=== Section Start ===

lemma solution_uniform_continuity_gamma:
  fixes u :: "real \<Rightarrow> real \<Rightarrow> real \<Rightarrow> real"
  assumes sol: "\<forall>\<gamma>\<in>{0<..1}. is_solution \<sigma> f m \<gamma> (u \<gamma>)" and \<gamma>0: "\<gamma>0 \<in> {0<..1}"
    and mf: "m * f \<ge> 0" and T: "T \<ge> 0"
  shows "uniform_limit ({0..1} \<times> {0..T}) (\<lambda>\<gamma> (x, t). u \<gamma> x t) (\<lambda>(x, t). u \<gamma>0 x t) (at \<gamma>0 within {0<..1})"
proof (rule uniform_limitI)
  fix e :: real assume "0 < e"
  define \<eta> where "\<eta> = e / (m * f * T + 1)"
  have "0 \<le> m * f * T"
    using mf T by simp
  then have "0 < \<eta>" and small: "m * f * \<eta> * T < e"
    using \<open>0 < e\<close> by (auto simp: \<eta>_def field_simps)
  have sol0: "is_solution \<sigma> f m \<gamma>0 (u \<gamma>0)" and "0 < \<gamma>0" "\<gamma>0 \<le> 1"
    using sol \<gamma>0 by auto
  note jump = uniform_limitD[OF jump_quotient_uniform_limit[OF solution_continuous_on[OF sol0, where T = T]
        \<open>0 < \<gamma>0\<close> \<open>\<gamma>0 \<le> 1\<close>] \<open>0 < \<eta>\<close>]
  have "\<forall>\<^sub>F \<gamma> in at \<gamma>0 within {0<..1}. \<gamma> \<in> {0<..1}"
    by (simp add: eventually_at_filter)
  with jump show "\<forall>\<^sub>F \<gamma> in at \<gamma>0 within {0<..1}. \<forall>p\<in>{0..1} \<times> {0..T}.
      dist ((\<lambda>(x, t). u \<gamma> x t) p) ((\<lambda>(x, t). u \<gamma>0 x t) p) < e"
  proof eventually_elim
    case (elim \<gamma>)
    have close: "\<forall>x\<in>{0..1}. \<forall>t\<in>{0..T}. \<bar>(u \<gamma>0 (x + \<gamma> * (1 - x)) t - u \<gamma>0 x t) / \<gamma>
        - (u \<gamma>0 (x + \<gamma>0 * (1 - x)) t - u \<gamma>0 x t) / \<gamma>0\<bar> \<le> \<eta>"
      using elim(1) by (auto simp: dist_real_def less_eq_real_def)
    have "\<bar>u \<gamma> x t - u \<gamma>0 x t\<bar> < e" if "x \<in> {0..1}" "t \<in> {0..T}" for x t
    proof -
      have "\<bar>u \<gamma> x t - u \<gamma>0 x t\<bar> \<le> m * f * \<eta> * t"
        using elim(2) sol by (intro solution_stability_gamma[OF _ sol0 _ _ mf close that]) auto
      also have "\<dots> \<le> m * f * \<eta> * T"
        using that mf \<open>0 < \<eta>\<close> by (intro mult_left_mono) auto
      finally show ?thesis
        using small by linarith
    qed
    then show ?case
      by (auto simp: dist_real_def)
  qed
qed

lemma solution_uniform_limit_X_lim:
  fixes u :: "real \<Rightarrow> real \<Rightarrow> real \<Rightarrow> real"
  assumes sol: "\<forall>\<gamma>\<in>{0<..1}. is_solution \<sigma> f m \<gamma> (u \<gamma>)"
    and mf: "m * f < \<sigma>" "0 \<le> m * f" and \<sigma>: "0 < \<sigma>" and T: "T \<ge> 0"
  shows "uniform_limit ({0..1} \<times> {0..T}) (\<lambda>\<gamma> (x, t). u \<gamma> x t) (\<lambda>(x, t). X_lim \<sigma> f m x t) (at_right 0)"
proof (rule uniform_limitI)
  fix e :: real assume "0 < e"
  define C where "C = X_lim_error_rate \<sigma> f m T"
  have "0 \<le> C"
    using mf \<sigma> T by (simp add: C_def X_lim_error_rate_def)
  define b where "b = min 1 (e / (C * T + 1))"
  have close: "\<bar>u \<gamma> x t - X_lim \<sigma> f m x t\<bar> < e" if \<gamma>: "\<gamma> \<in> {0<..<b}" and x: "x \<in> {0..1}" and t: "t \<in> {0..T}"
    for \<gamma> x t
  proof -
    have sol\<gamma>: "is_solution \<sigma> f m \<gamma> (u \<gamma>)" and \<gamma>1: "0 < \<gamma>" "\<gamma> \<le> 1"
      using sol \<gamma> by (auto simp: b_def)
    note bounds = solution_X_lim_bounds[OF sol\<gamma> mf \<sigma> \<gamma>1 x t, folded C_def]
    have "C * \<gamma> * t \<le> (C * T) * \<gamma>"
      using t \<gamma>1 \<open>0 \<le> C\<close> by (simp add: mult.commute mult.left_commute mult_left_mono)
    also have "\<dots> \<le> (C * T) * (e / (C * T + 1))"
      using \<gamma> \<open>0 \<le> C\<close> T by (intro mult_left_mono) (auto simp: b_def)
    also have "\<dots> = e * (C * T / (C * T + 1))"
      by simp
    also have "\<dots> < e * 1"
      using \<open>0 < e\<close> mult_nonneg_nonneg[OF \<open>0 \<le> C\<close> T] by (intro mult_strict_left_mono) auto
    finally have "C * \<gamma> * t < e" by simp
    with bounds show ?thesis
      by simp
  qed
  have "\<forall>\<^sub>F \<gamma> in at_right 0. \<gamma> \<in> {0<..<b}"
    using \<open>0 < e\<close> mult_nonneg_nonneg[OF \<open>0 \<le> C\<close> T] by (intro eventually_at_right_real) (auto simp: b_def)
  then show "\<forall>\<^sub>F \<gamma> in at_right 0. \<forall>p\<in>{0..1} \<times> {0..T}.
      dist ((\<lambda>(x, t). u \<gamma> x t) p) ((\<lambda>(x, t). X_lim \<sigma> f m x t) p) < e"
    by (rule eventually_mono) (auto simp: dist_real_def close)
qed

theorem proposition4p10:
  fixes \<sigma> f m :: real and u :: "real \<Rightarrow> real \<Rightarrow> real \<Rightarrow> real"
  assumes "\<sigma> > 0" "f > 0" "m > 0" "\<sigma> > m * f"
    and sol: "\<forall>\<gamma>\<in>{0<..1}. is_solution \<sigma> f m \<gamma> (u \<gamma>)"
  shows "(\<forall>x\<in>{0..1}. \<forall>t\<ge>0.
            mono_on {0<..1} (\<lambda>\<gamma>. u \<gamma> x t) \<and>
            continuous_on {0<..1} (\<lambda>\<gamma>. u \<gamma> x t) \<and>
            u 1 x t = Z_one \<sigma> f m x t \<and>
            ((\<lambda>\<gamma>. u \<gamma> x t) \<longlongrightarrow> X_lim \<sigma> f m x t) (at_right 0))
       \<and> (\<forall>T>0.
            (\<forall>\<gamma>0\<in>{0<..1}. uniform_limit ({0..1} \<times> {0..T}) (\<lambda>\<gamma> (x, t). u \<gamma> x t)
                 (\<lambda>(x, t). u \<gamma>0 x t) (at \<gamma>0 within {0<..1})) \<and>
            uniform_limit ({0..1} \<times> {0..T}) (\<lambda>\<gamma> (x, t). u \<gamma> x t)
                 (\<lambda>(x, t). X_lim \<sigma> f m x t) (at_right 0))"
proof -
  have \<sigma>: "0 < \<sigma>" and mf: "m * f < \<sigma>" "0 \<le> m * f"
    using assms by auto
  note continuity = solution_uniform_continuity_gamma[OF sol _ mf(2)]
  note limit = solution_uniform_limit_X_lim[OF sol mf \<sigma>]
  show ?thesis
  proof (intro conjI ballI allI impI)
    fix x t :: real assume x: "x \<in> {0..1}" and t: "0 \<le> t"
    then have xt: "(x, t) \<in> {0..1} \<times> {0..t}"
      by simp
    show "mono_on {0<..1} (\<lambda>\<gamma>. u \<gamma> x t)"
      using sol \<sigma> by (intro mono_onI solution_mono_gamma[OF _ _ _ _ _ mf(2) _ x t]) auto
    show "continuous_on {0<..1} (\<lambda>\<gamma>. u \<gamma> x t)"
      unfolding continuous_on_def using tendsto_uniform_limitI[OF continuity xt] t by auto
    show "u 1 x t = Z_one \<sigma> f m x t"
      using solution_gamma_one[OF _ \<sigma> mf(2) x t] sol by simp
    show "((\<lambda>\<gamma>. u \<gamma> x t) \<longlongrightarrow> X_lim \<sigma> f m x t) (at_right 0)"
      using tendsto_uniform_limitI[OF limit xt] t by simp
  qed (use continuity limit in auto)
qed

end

=== Section End ===

Retype the portion of the data above that starts on the line with "define b where" and finishes on the line with "using t \<gamma>1", including both of those lines.

SOLUTION FOR THIS PROBLEM:
  define b where "b = min 1 (e / (C * T + 1))"
  have close: "\<bar>u \<gamma> x t - X_lim \<sigma> f m x t\<bar> < e" if \<gamma>: "\<gamma> \<in> {0<..<b}" and x: "x \<in> {0..1}" and t: "t \<in> {0..T}"
    for \<gamma> x t
  proof -
    have sol\<gamma>: "is_solution \<sigma> f m \<gamma> (u \<gamma>)" and \<gamma>1: "0 < \<gamma>" "\<gamma> \<le> 1"
      using sol \<gamma> by (auto simp: b_def)
    note bounds = solution_X_lim_bounds[OF sol\<gamma> mf \<sigma> \<gamma>1 x t, folded C_def]
    have "C * \<gamma> * t \<le> (C * T) * \<gamma>"
      using t \<gamma>1 \<open>0 \<le> C\<close> by (simp add: mult.commute mult.left_commute mult_left_mono)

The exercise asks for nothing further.